(TASK INPUTS)
theorem lemma5:
  fixes \<alpha> :: real and pX :: "'x::finite \<Rightarrow> real" and W :: "'x \<Rightarrow> 'y::finite \<Rightarrow> real"
    and q0 :: "'x \<times> 'y \<Rightarrow> real"
  assumes "0 < \<alpha>" "\<alpha> < 1"
    and "is_dist pX" and "is_channel W" and "is_dist q0"
    and "LP_norm \<alpha> pX W (margY q0) > 0"
  shows "\<forall>k. F_LP \<alpha> pX W (LP_iter \<alpha> pX W q0 k) (margY (LP_iter \<alpha> pX W q0 k))
               \<ge> F_LP \<alpha> pX W (LP_iter \<alpha> pX W q0 (Suc k)) (margY (LP_iter \<alpha> pX W q0 k))
          \<and> F_LP \<alpha> pX W (LP_iter \<alpha> pX W q0 (Suc k)) (margY (LP_iter \<alpha> pX W q0 k))
               \<ge> F_LP \<alpha> pX W (LP_iter \<alpha> pX W q0 (Suc k)) (margY (LP_iter \<alpha> pX W q0 (Suc k)))
          \<and> F_LP \<alpha> pX W (LP_iter \<alpha> pX W q0 k) (margY (LP_iter \<alpha> pX W q0 k)) \<ge> I_LP \<alpha> pX W"
proof (intro allI conjI)
  fix k
  let ?q = "LP_iter \<alpha> pX W q0" and ?qY = "margY (LP_iter \<alpha> pX W q0 k)"
  have pX: "\<And>x. 0 \<le> pX x" and W: "\<And>x y. 0 \<le> W x y"
    using assms(3,4) by (auto intro: is_dist_nonneg is_channel_nonneg)
  have q: "\<And>n. is_dist (?q n)" and N: "0 < LP_norm \<alpha> pX W ?qY"
    using LP_iter_invariant[OF assms(3-6)] by auto
  have qY: "is_dist ?qY" using q by (rule is_dist_margY)
  then have qY0: "\<And>y. 0 \<le> ?qY y" by (rule is_dist_nonneg)
  have step_le: "F_LP \<alpha> pX W (?q (Suc k)) ?qY \<le> F_LP \<alpha> pX W (?q k) ?qY"
    using F_LP_ge_LP_step[OF assms(1,2) q pX W qY0 N] by simp
  then show "F_LP \<alpha> pX W (?q (Suc k)) ?qY \<le> F_LP \<alpha> pX W (?q k) ?qY" .
  show "F_LP \<alpha> pX W (?q (Suc k)) (margY (?q (Suc k))) \<le> F_LP \<alpha> pX W (?q (Suc k)) ?qY"
    using q qY by (rule F_LP_margY_le)
  show "I_LP \<alpha> pX W \<le> F_LP \<alpha> pX W (?q k) ?qY"
    using I_LP_le_F_LP_step[OF assms(1-3) W qY N] step_le by simp
qed

end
(End TASK INPUTS)
## TASK ITEM
Starting at the line with "using q qY by (rule F_LP_margY_le)", copy each line through the end of the data, both ends included, and give nothing else.

## SOLUTION FOR THIS EXERCISE
    using q qY by (rule F_LP_margY_le)
  show "I_LP \<alpha> pX W \<le> F_LP \<alpha> pX W (?q k) ?qY"
    using I_LP_le_F_LP_step[OF assms(1-3) W qY N] step_le by simp
qed

end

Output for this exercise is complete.